We think of Slack channels as the lovechild of satellite television and the local librarian. With a few exceptions, channels should be topical, generally focused, and in abundance. This keeps them searchable and as easy to find information as a book in the library. By using more channels, you’re less likely to post everything in #general, and you can choose when and what you want to be a part of.
For example, user story #314 in HuBoard needs collaboration from the support, design and development teams today. Perfect! Create the channel #iss314 and discuss all aspects of the issue in one place > When you’re done, just archive it away to find at a later date.
Archiving is a great feature of Slack, and something we didn’t make enough use of when we started to use the product. It gives us the ability to keep things focused and easily find things when we need them. But, to get the most out of archiving we need to be using channels to our advantage.
Don’t be afraid to create new channels, but do respect people’s time.
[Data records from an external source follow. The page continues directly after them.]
lemma Pic_coset_eq_iff:
  "Pic_sub S #>\<^bsub>Cl_grp S\<^esub> div_class (rays S) D = Pic_sub S #>\<^bsub>Cl_grp S\<^esub> div_class (rays S) D'
     \<longleftrightarrow> cartier S (\<lambda>x. D x - D' x)"
  (is "?C D = ?C D' \<longleftrightarrow> _")
proof
  assume eq: "?C D = ?C D'"
  have "div_class (rays S) D \<in> ?C D"
    unfolding r_coset_Pic_sub using cartier_prin_div[of S 0]
    by (intro image_eqI[of _ _ "\<lambda>x. 0"]) (simp_all add: prin_div_zero)
  then have "div_class (rays S) D \<in> ?C D'" by (simp only: eq)
  then obtain E where E: "cartier S E" "div_class (rays S) D = div_class (rays S) (\<lambda>x. E x + D' x)"
    unfolding r_coset_Pic_sub by auto
  then have "cartier S (\<lambda>x. D x - (E x + D' x))"
    using Prin_imp_cartier by (simp add: div_class_eq_iff)
  from cartier_add[OF this E(1)] show "cartier S (\<lambda>x. D x - D' x)" by simp
next
  assume c: "cartier S (\<lambda>x. D x - D' x)"
  have "div_class (rays S) (\<lambda>x. E x + D x) \<in> ?C D'" if "cartier S E" for E
    using cartier_add[OF that c] unfolding r_coset_Pic_sub
    by (auto intro!: image_eqI[of _ _ "\<lambda>x. E x + (D x - D' x)"])
  moreover have "div_class (rays S) (\<lambda>x. E x + D' x) \<in> ?C D" if "cartier S E" for E
    using cartier_diff[OF that c] unfolding r_coset_Pic_sub
    by (auto intro!: image_eqI[of _ _ "\<lambda>x. E x - (D x - D' x)"])
  ultimately show "?C D = ?C D'"
    unfolding r_coset_Pic_sub by blast
qed

lemma card_rcosets_Pic_sub:
  assumes "\<And>D D'. D \<in> TDiv S \<Longrightarrow> D' \<in> TDiv S \<Longrightarrow> f D = f D' \<longleftrightarrow> cartier S (\<lambda>x. D x - D' x)"
  shows "card (rcosets\<^bsub>Cl_grp S\<^esub> Pic_sub S) = card (f ` TDiv S)"
proof -
  have "rcosets\<^bsub>Cl_grp S\<^esub> Pic_sub S = (\<lambda>D. Pic_sub S #>\<^bsub>Cl_grp S\<^esub> div_class (rays S) D) ` TDiv S"
    unfolding RCOSETS_def carrier_Cl_grp by blast
  then show ?thesis
    using assms Pic_coset_eq_iff by (simp add: card_image_eq_if_same_fibres)
qed

context complete_fan
begin

section \<open>The index of Pic in Cl\<close>

lemma ball_cones: "(\<forall>(u, v)\<in>S. P u v) \<longleftrightarrow> (\<forall>i<nrays. P (ray i) (ray (Suc i)))"
  by (subst cones_eq) auto

lemma ray_in_rays: "ray i \<in> rays S"
  using rays_eq ray_mod[of i] nrays_pos by (metis image_eqI lessThan_iff mod_less_divisor)

definition ray_divisor :: "(nat \<Rightarrow> int) \<Rightarrow> lat \<Rightarrow> int" where
  "ray_divisor f r = (if r \<in> rays S then f (the_inv_into {..<nrays} ray r) else 0)"

lemma ray_divisor_TDiv: "ray_divisor f \<in> TDiv S"
  by (simp add: TDiv_def ray_divisor_def)

lemma ray_divisor_ray: "i < nrays \<Longrightarrow> ray_divisor f (ray i) = f i"
  by (simp add: ray_divisor_def ray_in_rays the_inv_into_f_f[OF inj_on_ray])

lemma TDiv_eqI:
  assumes "D \<in> TDiv S" "D' \<in> TDiv S" "\<And>i. i < nrays \<Longrightarrow> D (ray i) = D' (ray i)"
  shows "D = D'"
proof
  fix x
  show "D x = D' x"
  proof (cases "x \<in> rays S")
    case True
    then obtain i where "i < nrays" "x = ray i" using rays_eq by auto
    then show ?thesis using assms(3) by simp
  next
    case False
    then show ?thesis using assms(1,2) by (simp add: TDiv_def del: split_paired_All)
  qed
qed

definition cone_det :: "nat \<Rightarrow> int" where
  "cone_det i = det2 (ray i) (ray (Suc i))"

definition cone_twist :: "nat \<Rightarrow> int" where
  "cone_twist i = pair (bezout_vec (ray (Suc i))) (ray i)"

lemma cone_det_pos: "cone_det i > 0"
  by (simp add: cone_det_def det2_ray_pos)

lemma cartier_iff_dvd:
  assumes "D \<in> TDiv S"
  shows "cartier S D \<longleftrightarrow> (\<forall>i<nrays. cone_det i dvd D (ray i) - D (ray (Suc i)) * cone_twist i)"
  using assms ex_pair_eq_iff_dvd[OF primitive_ray]
  by (simp add: cartier_def ball_cones cone_det_def cone_twist_def)
(* Let $X_0=(y_0,U_0,H_0,r_0,V_0)\in\mathcal{F}_i^\alpha$ and let $X(t)$ be the $\alpha$-dissipative solution with initial data $X_0$. Let $c>0$ be such that $c\le y_{0,\xi}(\xi)+H_{0,\xi}(\xi)$ for a.e. $\xi\in\mathbb{R}$. Then for every $t\ge0$, $$\mathrm{m}\big(\{\xi\in\mathbb{R}:\tau(\xi)\le t\}\big)\le\frac{1+\frac14t^2}{c}\|H_0\|_\infty,$$ where $\mathrm{m}$ denotes Lebesgue measure.
   Context: Fix $\alpha\in W^{1,\infty}(\mathbb{R})$ with either $0\le\alpha(x)<1$ for all $x\in\mathbb{R}$, or $\alpha(x)=1$ for all $x\in\mathbb{R}$. $E_1=\{f\in L^\infty(\mathbb{R}): f'\in L^2(\mathbb{R}),\ \lim_{x\to-\infty}f(x)=0\}$, $E_2=\{f\in L^\infty(\mathbb{R}): f'\in L^2(\mathbb{R})\}$, normed by $\|f\|_\infty+\|f'\|_2$; $B=E_2\times E_2\times E_1\times L^2(\mathbb{R})\times E_1$. $\mathcal{F}^\alpha$ is the set of $X=(y,U,H,r,V)$ with $(y-\mathrm{id},U,H,r,V)\in B$ such that: (i) $y-\mathrm{id},U,H,V\in W^{1,\infty}$, $r\in L^\infty$; (ii) $y_\xi\ge0$, $H_\xi\ge0$ and $y_\xi+H_\xi>c'$ a.e. for some constant $c'>0$; (iii) $y_\xi V_\xi=U_\xi^2+r^2$ a.e.; (iv) $0\le V_\xi\le H_\xi$ a.e.; (v) if $0\le\alpha<1$, there is $\kappa:\mathbb{R}\to(0,1]$ with $V_\xi=\kappa(y)H_\xi$ a.e. and $\kappa(y(\xi))=1$ whenever $U_\xi(\xi)<0$ or $r(\xi)\ne0$; (vi) if $\alpha\equiv1$, a.e. $y_\xi=0\Rightarrow V_\xi=0$ and $y_\xi>0\Rightarrow V_\xi=H_\xi$. $\mathcal{F}_i^\alpha=\{X\in\mathcal{F}^\alpha:V=H\}$. For $X_0\in\mathcal{F}_i^\alpha$ the breaking time is $\tau(\xi)=0$ if $y_{0,\xi}(\xi)=0$, $\tau(\xi)=-2U_{0,\xi}(\xi)/H_{0,\xi}(\xi)$ if $r_0(\xi)=0$ and $U_{0,\xi}(\xi)<0$, and $\tau(\xi)=\infty$ otherwise. The $\alpha$-dissipative solution with data $X_0$ is the unique $X(t)=(y,U,H,r,V)(t)$, $X(0)=X_0$, solving $y_t=U$, $U_t=\frac12V-\frac14\lim_{\xi\to\infty}V$, $H_t=0$, $r_t=0$, with $V(\xi,t)=\int_{-\infty}^\xi H_{0,\xi}(\eta)(1-\mathbf{1}_{\{t\ge\tau(\eta)\}}\alpha(y(\eta,\tau(\eta))))d\eta$. *)

theory Defs
  imports "HOL-Analysis.Analysis"
begin
lemma prob_selected_mean_covered:
  assumes "0 < \<nu>" "\<nu> < \<alpha>" "\<alpha> < 1"
  shows "1 - \<alpha> \<le> prob {\<omega> \<in> space M. selected_mean_covered (\<alpha> - \<nu>) \<nu> \<mu> (\<lambda>i. Y i \<omega>)}"
proof -
  define s where "s = sqrt 2 * q \<nu> 1"
  let ?\<beta> = "\<alpha> - \<nu>"
  have \<beta>: "0 < ?\<beta>" "?\<beta> < 1" "q ?\<beta> 1 \<le> q ?\<beta> 2"
    using assms q_mono[of ?\<beta> 1 2] by auto
  note prob_ge = prob_selected_mean_covered_ge_of_event[OF assms, folded s_def]
  consider "\<bar>\<mu> 1 - \<mu> 2\<bar> \<le> s" | "s < \<mu> 1 - \<mu> 2" | "s < \<mu> 2 - \<mu> 1" by linarith
  then show ?thesis
  proof cases
    case 1
    show ?thesis
    proof (rule prob_ge[of "{\<omega> \<in> space M. \<bar>Y 1 \<omega> - \<mu> 1\<bar> < q ?\<beta> 2 \<and> \<bar>Y 2 \<omega> - \<mu> 2\<bar> < q ?\<beta> 2}"])
      show "1 - ?\<beta> \<le> prob {\<omega> \<in> space M. \<bar>Y 1 \<omega> - \<mu> 1\<bar> < q ?\<beta> 2 \<and> \<bar>Y 2 \<omega> - \<mu> 2\<bar> < q ?\<beta> 2}"
        unfolding prob_both_dev_less using central_mass_power_q[of ?\<beta> 2] \<beta> by simp
    qed (measurable, use 1 in \<open>auto simp: s_def intro!: selected_mean_covered_if_unseparated\<close>)
  next
    case 2
    show ?thesis
    proof (rule prob_ge[of "{\<omega> \<in> space M. \<bar>Y 1 \<omega> - \<mu> 1\<bar> < q ?\<beta> 1}"])
      show "1 - ?\<beta> \<le> prob {\<omega> \<in> space M. \<bar>Y 1 \<omega> - \<mu> 1\<bar> < q ?\<beta> 1}"
        using central_mass_power_q[of ?\<beta> 1] \<beta> by (simp add: prob_dev_less)
    qed (measurable, use 2 \<beta>(3) in \<open>auto simp: gamma_hat_def
          intro!: selected_mean_covered_if_selected_close[where i = 1]\<close>)
  next
    case 3
    show ?thesis
    proof (rule prob_ge[of "{\<omega> \<in> space M. \<bar>Y 2 \<omega> - \<mu> 2\<bar> < q ?\<beta> 1}"])
      show "1 - ?\<beta> \<le> prob {\<omega> \<in> space M. \<bar>Y 2 \<omega> - \<mu> 2\<bar> < q ?\<beta> 1}"
        using central_mass_power_q[of ?\<beta> 1] \<beta> by (simp add: prob_dev_less)
    qed (measurable, use 3 \<beta>(3) in \<open>auto simp: gamma_hat_def
          intro!: selected_mean_covered_if_selected_close[where i = 2]\<close>)
  qed
qed

end

theorem mainTheorem9:
  fixes M :: "'a measure" and Y :: "nat \<Rightarrow> 'a \<Rightarrow> real" and \<mu> :: "nat \<Rightarrow> real"
    and \<alpha> \<nu> :: real
  assumes "prob_space M"
    and "distributed M lborel (Y 1) (\<lambda>x. ennreal (normal_density (\<mu> 1) 1 x))"
    and "distributed M lborel (Y 2) (\<lambda>x. ennreal (normal_density (\<mu> 2) 1 x))"
    and "prob_space.indep_var M borel (Y 1) borel (Y 2)"
    and "0 < \<alpha>" and "\<alpha> < 1" and "0 < \<nu>" and "\<nu> < \<alpha>"
  shows "measure M {\<omega> \<in> space M.
           (let g = gamma_hat (Y 1 \<omega>) (Y 2 \<omega>);
                c = q (\<alpha> - \<nu>) (card (Gamma_plus \<nu> (Y 1 \<omega>) (Y 2 \<omega>)))
            in \<mu> g \<in> {Y g \<omega> - c <..< Y g \<omega> + c})} \<ge> 1 - \<alpha>"
proof -
  interpret two_normal_means M Y \<mu>
    using assms(1-4) by (simp add: two_normal_means_def two_normal_means_axioms_def)
  show ?thesis
    using prob_selected_mean_covered[OF assms(7,8,6)] by (simp add: selected_mean_covered_def)
qed

end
With this in mind it makes even more sense for us to keep our channels topical. If I return with coffee and see this awaiting me,
I’m much more likely to read the messages if they’re in our topical channel #iss314, than if they’re in #random. I also benefit from being able to quickly get up to speed with my colleagues after a holiday if I can quickly mark as read the messages I know are less important — freeing up time for the things that need my focus.
Also, consider working preferences and hours. We create a lot of ‘break-out’ channels, a useful way to share ideas and catch up after the weekend. But not everybody shares the same interests, is in the same room (or even time zone) when a /giphy war breaks out. You may be having a quick break in your office, but your colleague might be trying to demo your product and an @name notification with “/giphy fail” may not be appropriate.
So in summary, use channels loosely; allow your team to choose the ones they join and create new ones when they want. Don’t be offended when someone leaves, they’ll come back when they want. Oh, and remember to archive to keep it all tidy.
On the course of our journey with Slack we’ve used direct messages less and less. We’re a small and growing team and we’re pretty open with what we chat about. We’re also separated by roughly the distance of eight Neutron Stars lined end-to-end, so communication is key. And, when you think about it, it’s logical to share conversations in channels for many reasons. Channels can be archived easily, whereas direct messages are living documents that change content and topic often; making it hard to find information when you need it. Direct messages also make it harder for you to learn collaboratively. For example, our iOS development team currently includes two developers, and obviously we have articles and code snippets we want to share which we know is of little interest or relevance to the rest of our team. A direct message between the two of us seems logical, right? That’s what we thought, but we soon realised we were wrong. What happens when we get a third developer, or what happens to all our chats about the latest tech products, smartphones, and wearables? It all gets lost. Not all the developer conversations are useful to the rest of our team, but some parts are, and they’re definitely a good starting point for a new developer who joins our team.
So, to rectify this we simply move things to channels. In our case we created a channel for each coding language, an apps review channel, a channel for discussing the latest tech, research channels, and a snippets channel. This approach keeps things topical and easily searchable. Any new developer can get up to speed with resources in the coding channels and it turns out more than just the developers are interested in tech, so we get more lively and interesting chats in those other channels.
Having mentioned the above, there is still a good place for direct messages:
“@rich, flat white or filter?”
We use the private groups of Slack as a stepping stone between direct messages and channels. They have the benefit of being expandable, i.e. a member can invite others to the group, but they still remain private. In our situation we’ve found this useful when dealing with confidential information — when discussing potential candidate CV’s, for example — but we still resort to channels for the majority of our conversations.
We’re still on a journey with Slack, and it’s important to remember that things change. Slack has hugely changed how we communicate, and I’m sure we will continue to tweak our workflow to get the most out of the tools we use.